WHAT TO WORK ON
When a line below contains the word "ultimately", copy that line.
((
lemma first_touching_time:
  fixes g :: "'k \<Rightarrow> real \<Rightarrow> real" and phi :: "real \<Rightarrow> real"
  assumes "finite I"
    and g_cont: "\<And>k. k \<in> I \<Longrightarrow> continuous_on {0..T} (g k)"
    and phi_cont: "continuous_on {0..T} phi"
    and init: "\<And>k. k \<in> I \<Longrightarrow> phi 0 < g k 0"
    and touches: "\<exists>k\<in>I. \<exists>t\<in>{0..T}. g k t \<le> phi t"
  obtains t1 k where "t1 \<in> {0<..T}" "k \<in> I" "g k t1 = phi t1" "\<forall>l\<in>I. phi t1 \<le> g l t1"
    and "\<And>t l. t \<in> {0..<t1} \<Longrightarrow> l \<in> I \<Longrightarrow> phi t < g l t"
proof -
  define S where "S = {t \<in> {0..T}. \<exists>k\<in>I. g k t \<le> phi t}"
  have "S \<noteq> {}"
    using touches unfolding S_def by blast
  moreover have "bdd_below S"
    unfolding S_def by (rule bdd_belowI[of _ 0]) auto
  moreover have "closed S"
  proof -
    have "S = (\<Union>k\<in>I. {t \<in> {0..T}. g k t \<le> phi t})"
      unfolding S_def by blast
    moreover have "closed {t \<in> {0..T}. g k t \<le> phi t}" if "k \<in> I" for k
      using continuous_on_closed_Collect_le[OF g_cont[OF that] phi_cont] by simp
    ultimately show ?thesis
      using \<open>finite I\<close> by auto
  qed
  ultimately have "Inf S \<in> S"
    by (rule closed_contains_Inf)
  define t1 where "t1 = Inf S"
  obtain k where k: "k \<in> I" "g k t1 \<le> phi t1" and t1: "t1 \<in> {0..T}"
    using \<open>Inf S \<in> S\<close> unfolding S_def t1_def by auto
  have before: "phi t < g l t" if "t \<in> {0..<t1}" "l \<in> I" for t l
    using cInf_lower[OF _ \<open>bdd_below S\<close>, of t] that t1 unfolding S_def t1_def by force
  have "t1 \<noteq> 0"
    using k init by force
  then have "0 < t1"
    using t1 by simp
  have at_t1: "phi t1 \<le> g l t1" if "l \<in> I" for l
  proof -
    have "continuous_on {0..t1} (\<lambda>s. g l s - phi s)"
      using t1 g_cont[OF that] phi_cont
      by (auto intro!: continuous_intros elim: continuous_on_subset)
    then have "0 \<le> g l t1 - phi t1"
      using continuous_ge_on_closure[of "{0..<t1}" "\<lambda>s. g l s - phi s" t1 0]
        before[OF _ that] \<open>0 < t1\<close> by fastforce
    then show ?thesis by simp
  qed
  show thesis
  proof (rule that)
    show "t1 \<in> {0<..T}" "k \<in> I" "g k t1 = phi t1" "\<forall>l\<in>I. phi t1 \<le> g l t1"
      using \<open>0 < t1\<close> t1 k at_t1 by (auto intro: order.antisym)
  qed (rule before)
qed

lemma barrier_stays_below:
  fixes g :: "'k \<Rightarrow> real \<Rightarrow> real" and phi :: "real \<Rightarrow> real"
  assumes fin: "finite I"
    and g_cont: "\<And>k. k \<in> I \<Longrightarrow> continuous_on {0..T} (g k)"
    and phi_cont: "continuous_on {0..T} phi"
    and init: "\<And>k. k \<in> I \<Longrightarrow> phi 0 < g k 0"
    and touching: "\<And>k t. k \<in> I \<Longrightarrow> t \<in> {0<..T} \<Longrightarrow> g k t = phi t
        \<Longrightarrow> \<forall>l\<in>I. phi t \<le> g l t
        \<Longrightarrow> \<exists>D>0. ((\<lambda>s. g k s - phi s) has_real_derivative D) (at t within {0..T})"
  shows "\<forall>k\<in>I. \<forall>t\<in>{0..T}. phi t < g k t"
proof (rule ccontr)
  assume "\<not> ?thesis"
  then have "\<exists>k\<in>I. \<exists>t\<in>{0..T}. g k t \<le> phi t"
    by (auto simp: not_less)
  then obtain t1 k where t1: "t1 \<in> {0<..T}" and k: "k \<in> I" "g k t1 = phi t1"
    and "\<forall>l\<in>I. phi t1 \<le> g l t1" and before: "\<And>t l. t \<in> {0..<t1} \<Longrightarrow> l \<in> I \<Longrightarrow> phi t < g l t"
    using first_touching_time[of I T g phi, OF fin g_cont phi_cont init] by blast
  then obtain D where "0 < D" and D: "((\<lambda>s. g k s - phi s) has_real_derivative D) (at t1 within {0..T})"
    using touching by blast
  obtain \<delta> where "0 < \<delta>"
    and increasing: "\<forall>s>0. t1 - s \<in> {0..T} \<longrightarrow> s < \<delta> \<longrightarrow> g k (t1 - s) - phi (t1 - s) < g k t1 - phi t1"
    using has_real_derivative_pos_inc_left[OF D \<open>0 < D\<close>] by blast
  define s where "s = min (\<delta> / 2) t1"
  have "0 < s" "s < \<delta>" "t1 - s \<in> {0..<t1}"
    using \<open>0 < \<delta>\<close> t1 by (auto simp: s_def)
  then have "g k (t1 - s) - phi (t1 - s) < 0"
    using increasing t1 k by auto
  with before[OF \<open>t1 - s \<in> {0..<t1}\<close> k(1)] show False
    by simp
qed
))
YOUR SOLUTION
    ultimately show ?thesis
  ultimately have "Inf S \<in> S"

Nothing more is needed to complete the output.